#### TASK DESCRIPTION
Check each line of the entries. Copy the ones that contain the string "tinv".

(EXCERPTED DATA)

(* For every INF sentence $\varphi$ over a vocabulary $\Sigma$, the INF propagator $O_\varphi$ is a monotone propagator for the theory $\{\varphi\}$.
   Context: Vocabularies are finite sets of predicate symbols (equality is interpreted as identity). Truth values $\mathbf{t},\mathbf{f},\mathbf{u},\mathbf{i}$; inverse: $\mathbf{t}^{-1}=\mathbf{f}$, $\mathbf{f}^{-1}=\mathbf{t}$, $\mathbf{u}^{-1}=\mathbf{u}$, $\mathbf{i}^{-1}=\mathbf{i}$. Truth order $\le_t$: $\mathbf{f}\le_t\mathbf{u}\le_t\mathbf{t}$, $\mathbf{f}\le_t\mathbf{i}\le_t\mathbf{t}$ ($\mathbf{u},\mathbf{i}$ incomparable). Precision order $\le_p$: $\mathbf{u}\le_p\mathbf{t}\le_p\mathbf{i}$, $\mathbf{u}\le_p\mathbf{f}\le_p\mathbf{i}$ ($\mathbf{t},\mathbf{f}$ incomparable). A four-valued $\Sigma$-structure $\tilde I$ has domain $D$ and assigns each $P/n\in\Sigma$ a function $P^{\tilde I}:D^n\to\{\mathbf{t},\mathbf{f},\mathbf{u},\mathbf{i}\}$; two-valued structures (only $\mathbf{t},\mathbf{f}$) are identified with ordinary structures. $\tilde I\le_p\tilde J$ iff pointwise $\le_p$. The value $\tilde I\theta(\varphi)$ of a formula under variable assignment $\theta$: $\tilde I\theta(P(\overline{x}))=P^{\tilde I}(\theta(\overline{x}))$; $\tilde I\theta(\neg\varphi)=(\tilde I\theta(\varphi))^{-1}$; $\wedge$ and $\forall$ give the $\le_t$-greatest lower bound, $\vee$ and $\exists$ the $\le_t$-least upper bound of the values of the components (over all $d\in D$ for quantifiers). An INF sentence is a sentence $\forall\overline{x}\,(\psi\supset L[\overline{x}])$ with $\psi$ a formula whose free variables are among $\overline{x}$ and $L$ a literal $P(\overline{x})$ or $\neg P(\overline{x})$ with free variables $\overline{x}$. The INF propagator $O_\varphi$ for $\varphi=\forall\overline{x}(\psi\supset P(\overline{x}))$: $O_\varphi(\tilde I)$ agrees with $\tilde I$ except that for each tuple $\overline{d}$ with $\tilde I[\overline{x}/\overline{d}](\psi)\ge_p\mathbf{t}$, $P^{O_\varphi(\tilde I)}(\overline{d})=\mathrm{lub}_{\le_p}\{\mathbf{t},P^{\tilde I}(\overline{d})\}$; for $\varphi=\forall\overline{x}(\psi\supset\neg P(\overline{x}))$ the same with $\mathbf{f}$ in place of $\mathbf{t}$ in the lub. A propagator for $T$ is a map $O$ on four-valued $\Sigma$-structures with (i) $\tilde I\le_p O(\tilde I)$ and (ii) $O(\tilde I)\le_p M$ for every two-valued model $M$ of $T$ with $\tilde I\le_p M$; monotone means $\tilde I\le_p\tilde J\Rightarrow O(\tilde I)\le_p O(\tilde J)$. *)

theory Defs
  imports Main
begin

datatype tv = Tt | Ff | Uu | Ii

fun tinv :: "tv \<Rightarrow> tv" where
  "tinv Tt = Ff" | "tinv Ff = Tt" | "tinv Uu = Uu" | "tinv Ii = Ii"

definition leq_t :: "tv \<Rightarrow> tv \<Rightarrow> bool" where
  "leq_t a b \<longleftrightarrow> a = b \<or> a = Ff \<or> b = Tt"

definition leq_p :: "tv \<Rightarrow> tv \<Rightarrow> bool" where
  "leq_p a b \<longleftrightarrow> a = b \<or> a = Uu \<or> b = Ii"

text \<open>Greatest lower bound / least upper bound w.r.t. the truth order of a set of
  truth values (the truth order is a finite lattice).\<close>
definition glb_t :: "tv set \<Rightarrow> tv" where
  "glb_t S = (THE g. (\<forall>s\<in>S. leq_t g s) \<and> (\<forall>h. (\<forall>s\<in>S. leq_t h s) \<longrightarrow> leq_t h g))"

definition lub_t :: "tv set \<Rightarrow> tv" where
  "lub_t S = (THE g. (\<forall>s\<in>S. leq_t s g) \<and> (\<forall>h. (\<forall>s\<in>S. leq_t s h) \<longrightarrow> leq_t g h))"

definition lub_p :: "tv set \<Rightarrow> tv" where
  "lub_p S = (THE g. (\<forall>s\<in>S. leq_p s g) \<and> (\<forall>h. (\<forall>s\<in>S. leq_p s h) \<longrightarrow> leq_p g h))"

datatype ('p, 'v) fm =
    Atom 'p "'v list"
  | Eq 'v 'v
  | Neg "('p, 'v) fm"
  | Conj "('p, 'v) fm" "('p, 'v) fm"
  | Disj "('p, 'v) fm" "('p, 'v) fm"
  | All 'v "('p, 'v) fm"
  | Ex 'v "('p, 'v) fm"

(End EXCERPTED DATA)

#### EXPECTED ANSWER
fun tinv :: "tv \<Rightarrow> tv" where
  "tinv Tt = Ff" | "tinv Ff = Tt" | "tinv Uu = Uu" | "tinv Ii = Ii"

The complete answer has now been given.